(Task input begins)
(* Let $G$ be a digraph and $f$ a discrete Morse function on $G$, and let $\gamma$ be an allowed elementary $n$-path in $G$. Then the following two conditions cannot both hold: (i'') there exists an allowed elementary $(n-1)$-path $\beta<\gamma$ with $f(\beta)=f(\gamma)$; (ii'') there exists an allowed elementary $(n+1)$-path $\alpha>\gamma$ with $f(\alpha)=f(\gamma)$.
   Context: A digraph $G=(V,E)$ consists of a set $V$ and $E\subseteq(V\times V)\setminus\{(v,v)\}$; $(u,v)\in E$ is written $u\to v$. An allowed elementary $n$-path is a sequence $v_0\cdots v_n$ of vertices with $v_{i-1}\to v_i\in E$ for $1\le i\le n$. For allowed elementary paths, $\gamma'<\gamma$ (or $\gamma>\gamma'$) means $\gamma'$ is obtained from $\gamma$ by deleting some entries. A map $f:V\to[0,+\infty)$ is a discrete Morse function on $G$ if for every allowed elementary path $v_0\cdots v_n$: (i) there is at most one index $i$ with $f(v_i)=0$ such that $v_0\cdots v_{i-1}v_{i+1}\cdots v_n$ is an allowed elementary $(n-1)$-path; (ii) there is at most one vertex $u$ with $f(u)=0$ such that for some $-1\le j\le n$ the sequence $v_0\cdots v_juv_{j+1}\cdots v_n$ (meaning $uv_0\cdots v_n$ if $j=-1$, $v_0\cdots v_nu$ if $j=n$) is an allowed elementary $(n+1)$-path. Set $f(v_0\cdots v_n)=\sum_if(v_i)$. *)

theory Defs
  imports Complex_Main "HOL-Library.Sublist"
begin

definition digraph :: "'a set \<Rightarrow> ('a \<times> 'a) set \<Rightarrow> bool" where
  "digraph V E \<longleftrightarrow> E \<subseteq> V \<times> V \<and> (\<forall>v. (v, v) \<notin> E)"

text \<open>An allowed elementary path v_0 ... v_n, represented as the nonempty list
  [v_0, ..., v_n]; it is an n-path iff its length is n+1.\<close>
definition allowed_path :: "'a set \<Rightarrow> ('a \<times> 'a) set \<Rightarrow> 'a list \<Rightarrow> bool" where
  "allowed_path V E p \<longleftrightarrow> p \<noteq> [] \<and> set p \<subseteq> V \<and>
     (\<forall>i. Suc i < length p \<longrightarrow> (p ! i, p ! Suc i) \<in> E)"

definition allowed_n_path :: "'a set \<Rightarrow> ('a \<times> 'a) set \<Rightarrow> nat \<Rightarrow> 'a list \<Rightarrow> bool" where
  "allowed_n_path V E n p \<longleftrightarrow> allowed_path V E p \<and> length p = Suc n"

definition path_val :: "('a \<Rightarrow> real) \<Rightarrow> 'a list \<Rightarrow> real" where
  "path_val f p = sum_list (map f p)"

text \<open>Discrete Morse function on G = (V,E).  Deleting entry i of p is
  take i p @ drop (Suc i) p; inserting u at position j (0..length p) is
  take j p @ u # drop j p.\<close>
definition discrete_morse :: "'a set \<Rightarrow> ('a \<times> 'a) set \<Rightarrow> ('a \<Rightarrow> real) \<Rightarrow> bool" where
  "discrete_morse V E f \<longleftrightarrow>
     (\<forall>v\<in>V. f v \<ge> 0) \<and>
     (\<forall>p. allowed_path V E p \<longrightarrow>
        (\<forall>i i'. i < length p \<and> f (p ! i) = 0 \<and> allowed_path V E (take i p @ drop (Suc i) p) \<and>
                i' < length p \<and> f (p ! i') = 0 \<and> allowed_path V E (take i' p @ drop (Suc i') p)
                \<longrightarrow> i = i') \<and>
        (\<forall>u u'. u \<in> V \<and> f u = 0 \<and> (\<exists>j\<le>length p. allowed_path V E (take j p @ u # drop j p)) \<and>
                u' \<in> V \<and> f u' = 0 \<and> (\<exists>j\<le>length p. allowed_path V E (take j p @ u' # drop j p))
                \<longrightarrow> u = u'))"

end

theory Submission
  imports Defs
begin

text \<open>
  Let \<open>\<beta> < \<gamma> < \<alpha>\<close> with \<open>f(\<beta>) = f(\<gamma>) = f(\<alpha>)\<close>. Then \<open>\<gamma>\<close> is \<open>\<beta>\<close> with one vertex \<open>v\<close> inserted and
  \<open>\<alpha>\<close> is \<open>\<gamma>\<close> with one vertex \<open>u\<close> inserted, and comparing values gives \<open>f(u) = f(v) = 0\<close>.
  So \<open>\<alpha>\<close> contains two zero-valued entries whose joint deletion leaves the allowed path \<open>\<beta>\<close>.
  If they are adjacent in \<open>\<alpha>\<close>, the 1-path they form has two deletable zero entries.
  Otherwise deleting either one of them from \<open>\<alpha>\<close> leaves an allowed path, because the edge
  bridging the gap is an edge of \<open>\<beta>\<close>. Both contradict condition (i) of a discrete Morse
  function.
\<close>

lemma allowed_path_iff_successively:
  "allowed_path V E p \<longleftrightarrow> p \<noteq> [] \<and> set p \<subseteq> V \<and> successively (\<lambda>x y. (x, y) \<in> E) p"
  unfolding allowed_path_def successively_conv_nth by simp

lemma subseq_length_Suc_deletion:
  assumes "subseq xs ys" and "length ys = Suc (length xs)"
  shows "\<exists>a v b. ys = a @ v # b \<and> xs = a @ b"
  using assms
proof (induction ys arbitrary: xs rule: list.induct)
  case Nil
  then show ?case by simp
next
  case (Cons y ys)
  show ?case
  proof (cases "xs = ys")
    case True
    then show ?thesis by blast
  next
    case False
    have "\<not> subseq xs ys"
      using False Cons.prems(2) subseq_same_length by fastforce
    then obtain xs' where xs: "xs = y # xs'" "subseq xs' ys"
      using Cons.prems(1) by (cases xs) (auto split: if_splits)
    moreover have "length ys = Suc (length xs')"
      using xs(1) Cons.prems(2) by simp
    ultimately obtain a v b where "ys = a @ v # b" "xs' = a @ b"
      using Cons.IH by blast
    with xs show ?thesis by (metis append_Cons)
  qed
qed

lemma path_val_insert: "path_val f (a @ v # b) = path_val f (a @ b) + f v"
  by (simp add: path_val_def)

lemma allowed_path_delete_inner:
  assumes "allowed_path V E (l @ x # m @ y # r)" and "allowed_path V E (l @ m @ r)" and "m \<noteq> []"
  shows "allowed_path V E (l @ m @ y # r)" and "allowed_path V E (l @ x # m @ r)"
  using assms
  by (auto simp: allowed_path_iff_successively successively_append_iff successively_Cons hd_append)

lemma discrete_morse_unique_zero_deletion:
  assumes "discrete_morse V E f" and "allowed_path V E (a @ v # b)" and "a @ v # b = c @ w # d"
    and "f v = 0" and "f w = 0" and "allowed_path V E (a @ b)" and "allowed_path V E (c @ d)"
  shows "a = c"
proof -
  let ?p = "a @ v # b"
  have unique: "i = i'"
    if "i < length ?p" "f (?p ! i) = 0" "allowed_path V E (take i ?p @ drop (Suc i) ?p)"
      "i' < length ?p" "f (?p ! i') = 0" "allowed_path V E (take i' ?p @ drop (Suc i') ?p)" for i i'
    using assms(1,2) that unfolding discrete_morse_def by blast
  have at_a: "length a < length ?p" "?p ! length a = v" "take (length a) ?p @ drop (Suc (length a)) ?p = a @ b"
    by simp_all
  have at_c: "length c < length ?p" "?p ! length c = w" "take (length c) ?p @ drop (Suc (length c)) ?p = c @ d"
    unfolding assms(3) by simp_all
  have "length a = length c"
    using unique[of "length a" "length c"] at_a at_c assms(4-7) by simp
  with assms(3) show "a = c" by simp
qed

lemma discrete_morse_no_adjacent_zeros:
  assumes "discrete_morse V E f" and "(x, y) \<in> E" and "x \<in> V" and "y \<in> V"
  shows "\<not> (f x = 0 \<and> f y = 0)"
proof
  assume zeros: "f x = 0 \<and> f y = 0"
  have "[] = [x]"
    by (rule discrete_morse_unique_zero_deletion[OF assms(1), of "[]" x "[y]" "[x]" y "[]"])
      (use assms zeros in \<open>simp_all add: allowed_path_iff_successively\<close>)
  then show False by simp
qed

lemma discrete_morse_delete_two_zeros_not_allowed:
  assumes "discrete_morse V E f" and "allowed_path V E (l @ x # m @ y # r)"
    and "f x = 0" and "f y = 0"
  shows "\<not> allowed_path V E (l @ m @ r)"
proof
  assume deleted: "allowed_path V E (l @ m @ r)"
  show False
  proof (cases "m = []")
    case True
    with assms(2) have "successively (\<lambda>a b. (a, b) \<in> E) (l @ x # y # r)" "set (l @ x # y # r) \<subseteq> V"
      unfolding allowed_path_iff_successively by simp_all
    then have "(x, y) \<in> E" "x \<in> V" "y \<in> V"
      unfolding successively_append_iff by simp_all
    from discrete_morse_no_adjacent_zeros[OF assms(1) this] assms(3,4) show False
      by simp
  next
    case False
    have "l = l @ x # m"
      by (rule discrete_morse_unique_zero_deletion[of V E f l x "m @ y # r" "l @ x # m" y r])
        (use assms allowed_path_delete_inner[OF assms(2) deleted False] in simp_all)
    then show False by simp
  qed
qed

lemma insert_delete_split:
  assumes "as @ bs = xs @ v # ys"
  obtains l x m y r
  where "as @ u # bs = l @ x # m @ y # r" and "xs @ ys = l @ m @ r" and "{x, y} = {u, v}"
proof -
  obtain us where "as = xs @ us \<and> us @ bs = v # ys \<or> as @ us = xs \<and> bs = us @ v # ys"
    using assms append_eq_append_conv2[of as bs xs "v # ys"] by blast
  then show thesis
  proof
    assume "as = xs @ us \<and> us @ bs = v # ys"
    then consider "as = xs" "bs = v # ys" | m where "as = xs @ v # m" "ys = m @ bs"
      by (cases us) auto
    then show thesis
    proof cases
      case 1
      then show thesis using that[of xs u "[]" v ys] by simp
    next
      case (2 m)
      then show thesis using that[of xs v m u bs] by auto
    qed
  next
    assume "as @ us = xs \<and> bs = us @ v # ys"
    then show thesis
      using that[of as u us v ys] by auto
  qed
qed

theorem lemma4p4:
  fixes V :: "'a set" and E :: "('a \<times> 'a) set" and f :: "'a \<Rightarrow> real"
    and n :: nat and \<gamma> :: "'a list"
  assumes "digraph V E"
    and "discrete_morse V E f"
    and "allowed_n_path V E n \<gamma>"
  shows "\<not> ((\<exists>\<beta>. allowed_n_path V E (n - 1) \<beta> \<and> length \<beta> = n \<and> strict_subseq \<beta> \<gamma>
                 \<and> path_val f \<beta> = path_val f \<gamma>) \<and>
            (\<exists>\<alpha>. allowed_n_path V E (Suc n) \<alpha> \<and> strict_subseq \<gamma> \<alpha>
                 \<and> path_val f \<alpha> = path_val f \<gamma>))"
proof
  assume "(\<exists>\<beta>. allowed_n_path V E (n - 1) \<beta> \<and> length \<beta> = n \<and> strict_subseq \<beta> \<gamma>
                 \<and> path_val f \<beta> = path_val f \<gamma>) \<and>
            (\<exists>\<alpha>. allowed_n_path V E (Suc n) \<alpha> \<and> strict_subseq \<gamma> \<alpha>
                 \<and> path_val f \<alpha> = path_val f \<gamma>)"
  then obtain \<beta> \<alpha>
    where \<beta>: "allowed_path V E \<beta>" "length \<beta> = n" "subseq \<beta> \<gamma>" "path_val f \<beta> = path_val f \<gamma>"
      and \<alpha>: "allowed_path V E \<alpha>" "length \<alpha> = Suc (Suc n)" "subseq \<gamma> \<alpha>" "path_val f \<alpha> = path_val f \<gamma>"
    unfolding allowed_n_path_def strict_subseq_def by auto
  have "length \<gamma> = Suc n"
    using assms(3) unfolding allowed_n_path_def by simp
  then obtain xs v ys where \<beta>\<gamma>: "\<gamma> = xs @ v # ys" "\<beta> = xs @ ys"
    using subseq_length_Suc_deletion[OF \<beta>(3)] \<beta>(2) by auto
  obtain as u bs where \<gamma>\<alpha>: "\<alpha> = as @ u # bs" "\<gamma> = as @ bs"
    using subseq_length_Suc_deletion[OF \<alpha>(3)] \<alpha>(2) \<open>length \<gamma> = Suc n\<close> by auto
  have "as @ bs = xs @ v # ys"
    using \<beta>\<gamma>(1) \<gamma>\<alpha>(2) by simp
  then obtain l x m y r
    where split: "\<alpha> = l @ x # m @ y # r" "\<beta> = l @ m @ r" "{x, y} = {u, v}"
    unfolding \<beta>\<gamma>(2) \<gamma>\<alpha>(1) by (rule insert_delete_split)
  have "f v = 0"
    using \<beta>(4) unfolding \<beta>\<gamma> path_val_insert by simp
  moreover have "f u = 0"
    using \<alpha>(4) unfolding \<gamma>\<alpha> path_val_insert by simp
  ultimately have "f x = 0" "f y = 0"
    using split(3) by (auto simp: doubleton_eq_iff)
  from discrete_morse_delete_two_zeros_not_allowed[OF assms(2) _ this] \<alpha>(1) \<beta>(1)
  show False
    unfolding split by simp
qed

end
(Task input ends)
**Description of the task**
Lines of the listing that include the string "blast" are to be counted; state that count alone.

**Response area**
4